[Collected data]

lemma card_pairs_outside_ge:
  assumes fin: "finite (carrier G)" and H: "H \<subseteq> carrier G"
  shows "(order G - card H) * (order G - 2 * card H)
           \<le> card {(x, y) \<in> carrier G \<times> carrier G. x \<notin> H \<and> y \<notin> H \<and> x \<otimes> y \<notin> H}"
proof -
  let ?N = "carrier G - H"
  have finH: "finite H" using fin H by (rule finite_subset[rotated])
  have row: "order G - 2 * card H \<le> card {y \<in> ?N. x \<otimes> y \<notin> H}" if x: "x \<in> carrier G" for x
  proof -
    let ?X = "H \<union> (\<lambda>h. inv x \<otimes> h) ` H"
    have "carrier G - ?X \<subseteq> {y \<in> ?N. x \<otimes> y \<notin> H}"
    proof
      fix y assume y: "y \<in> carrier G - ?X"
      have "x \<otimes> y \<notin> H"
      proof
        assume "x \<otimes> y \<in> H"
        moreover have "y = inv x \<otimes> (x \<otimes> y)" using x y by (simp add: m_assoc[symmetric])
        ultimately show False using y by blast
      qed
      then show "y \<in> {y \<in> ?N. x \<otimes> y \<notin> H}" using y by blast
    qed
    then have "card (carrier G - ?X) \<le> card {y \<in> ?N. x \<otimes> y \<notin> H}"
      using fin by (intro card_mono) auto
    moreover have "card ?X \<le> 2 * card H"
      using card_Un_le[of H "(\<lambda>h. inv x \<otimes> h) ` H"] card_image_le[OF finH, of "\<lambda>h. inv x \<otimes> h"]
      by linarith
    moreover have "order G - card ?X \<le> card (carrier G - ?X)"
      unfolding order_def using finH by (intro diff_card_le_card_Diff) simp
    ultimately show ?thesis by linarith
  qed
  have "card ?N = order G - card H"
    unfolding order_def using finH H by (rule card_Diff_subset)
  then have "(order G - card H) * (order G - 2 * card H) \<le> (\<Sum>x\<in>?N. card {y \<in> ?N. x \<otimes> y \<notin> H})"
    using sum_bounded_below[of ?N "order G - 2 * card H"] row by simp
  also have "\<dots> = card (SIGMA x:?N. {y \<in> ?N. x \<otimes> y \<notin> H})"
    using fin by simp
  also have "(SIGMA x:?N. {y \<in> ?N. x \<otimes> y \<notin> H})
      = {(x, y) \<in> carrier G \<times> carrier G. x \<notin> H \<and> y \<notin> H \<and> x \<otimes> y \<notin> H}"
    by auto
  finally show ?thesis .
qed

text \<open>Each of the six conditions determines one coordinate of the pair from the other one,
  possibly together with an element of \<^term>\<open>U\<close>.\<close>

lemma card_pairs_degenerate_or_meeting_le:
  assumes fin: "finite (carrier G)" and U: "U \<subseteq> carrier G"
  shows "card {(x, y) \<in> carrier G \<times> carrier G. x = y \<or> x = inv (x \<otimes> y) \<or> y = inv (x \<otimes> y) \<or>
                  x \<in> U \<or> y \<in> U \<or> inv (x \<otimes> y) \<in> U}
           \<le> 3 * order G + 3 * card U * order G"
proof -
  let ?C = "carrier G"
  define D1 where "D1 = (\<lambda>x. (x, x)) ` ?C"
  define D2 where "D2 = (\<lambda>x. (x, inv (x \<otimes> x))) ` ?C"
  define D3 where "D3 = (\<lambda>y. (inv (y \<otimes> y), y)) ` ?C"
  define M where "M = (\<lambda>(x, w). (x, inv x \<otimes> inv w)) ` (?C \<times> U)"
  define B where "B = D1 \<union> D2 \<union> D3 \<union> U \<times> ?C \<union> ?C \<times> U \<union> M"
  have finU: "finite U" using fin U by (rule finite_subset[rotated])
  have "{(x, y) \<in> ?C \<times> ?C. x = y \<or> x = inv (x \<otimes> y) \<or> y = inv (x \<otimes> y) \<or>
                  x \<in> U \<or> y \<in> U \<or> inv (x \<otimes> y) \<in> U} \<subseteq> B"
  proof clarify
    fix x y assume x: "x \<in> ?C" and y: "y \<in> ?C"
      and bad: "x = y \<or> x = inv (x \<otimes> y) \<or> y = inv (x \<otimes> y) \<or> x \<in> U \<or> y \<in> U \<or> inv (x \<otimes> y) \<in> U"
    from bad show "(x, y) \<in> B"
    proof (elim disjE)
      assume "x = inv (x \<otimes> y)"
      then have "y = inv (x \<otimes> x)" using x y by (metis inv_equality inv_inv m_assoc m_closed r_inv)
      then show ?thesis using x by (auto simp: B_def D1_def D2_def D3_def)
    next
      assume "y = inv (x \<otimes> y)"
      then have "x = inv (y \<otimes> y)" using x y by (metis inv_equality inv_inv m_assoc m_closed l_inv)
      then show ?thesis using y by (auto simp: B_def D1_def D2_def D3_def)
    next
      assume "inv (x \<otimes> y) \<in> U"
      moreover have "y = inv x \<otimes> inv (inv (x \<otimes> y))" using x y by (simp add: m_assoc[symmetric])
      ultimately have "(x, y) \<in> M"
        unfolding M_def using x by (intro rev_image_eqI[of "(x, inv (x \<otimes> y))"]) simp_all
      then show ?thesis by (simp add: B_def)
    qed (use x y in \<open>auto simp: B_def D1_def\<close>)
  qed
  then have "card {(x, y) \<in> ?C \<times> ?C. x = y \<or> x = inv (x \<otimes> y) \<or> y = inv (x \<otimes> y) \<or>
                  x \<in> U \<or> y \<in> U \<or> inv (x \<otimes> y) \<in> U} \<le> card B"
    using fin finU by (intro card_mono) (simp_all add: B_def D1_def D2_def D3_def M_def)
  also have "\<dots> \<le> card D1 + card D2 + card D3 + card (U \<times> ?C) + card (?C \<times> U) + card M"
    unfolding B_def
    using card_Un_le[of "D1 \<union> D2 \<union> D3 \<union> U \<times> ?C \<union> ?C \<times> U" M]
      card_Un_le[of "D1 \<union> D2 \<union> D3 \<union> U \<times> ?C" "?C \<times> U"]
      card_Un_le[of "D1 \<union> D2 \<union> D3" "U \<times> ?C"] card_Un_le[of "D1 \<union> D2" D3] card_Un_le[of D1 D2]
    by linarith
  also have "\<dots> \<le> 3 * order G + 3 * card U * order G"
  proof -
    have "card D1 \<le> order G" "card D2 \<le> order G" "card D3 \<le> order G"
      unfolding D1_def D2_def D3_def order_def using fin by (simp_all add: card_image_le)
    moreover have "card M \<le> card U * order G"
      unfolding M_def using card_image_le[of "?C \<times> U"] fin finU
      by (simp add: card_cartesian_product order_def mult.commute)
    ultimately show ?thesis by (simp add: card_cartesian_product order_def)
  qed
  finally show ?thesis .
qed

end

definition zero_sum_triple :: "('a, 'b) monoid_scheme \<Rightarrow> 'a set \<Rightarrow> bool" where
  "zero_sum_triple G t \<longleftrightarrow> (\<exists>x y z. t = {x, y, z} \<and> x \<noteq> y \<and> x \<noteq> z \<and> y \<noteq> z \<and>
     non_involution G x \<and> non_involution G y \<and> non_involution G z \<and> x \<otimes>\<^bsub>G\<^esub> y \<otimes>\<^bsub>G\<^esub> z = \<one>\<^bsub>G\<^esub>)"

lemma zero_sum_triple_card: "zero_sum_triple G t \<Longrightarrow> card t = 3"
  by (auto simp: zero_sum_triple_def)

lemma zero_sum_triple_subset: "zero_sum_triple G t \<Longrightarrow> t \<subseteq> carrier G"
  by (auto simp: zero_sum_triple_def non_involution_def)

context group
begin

» INSTRUCTIONS TO FOLLOW
Set down, please, the lines from the line holding "t \<Longrightarrow> t" through the final line of the data, exactly and with nothing added.

» TASK RESULT
lemma zero_sum_triple_subset: "zero_sum_triple G t \<Longrightarrow> t \<subseteq> carrier G"
  by (auto simp: zero_sum_triple_def non_involution_def)

context group
begin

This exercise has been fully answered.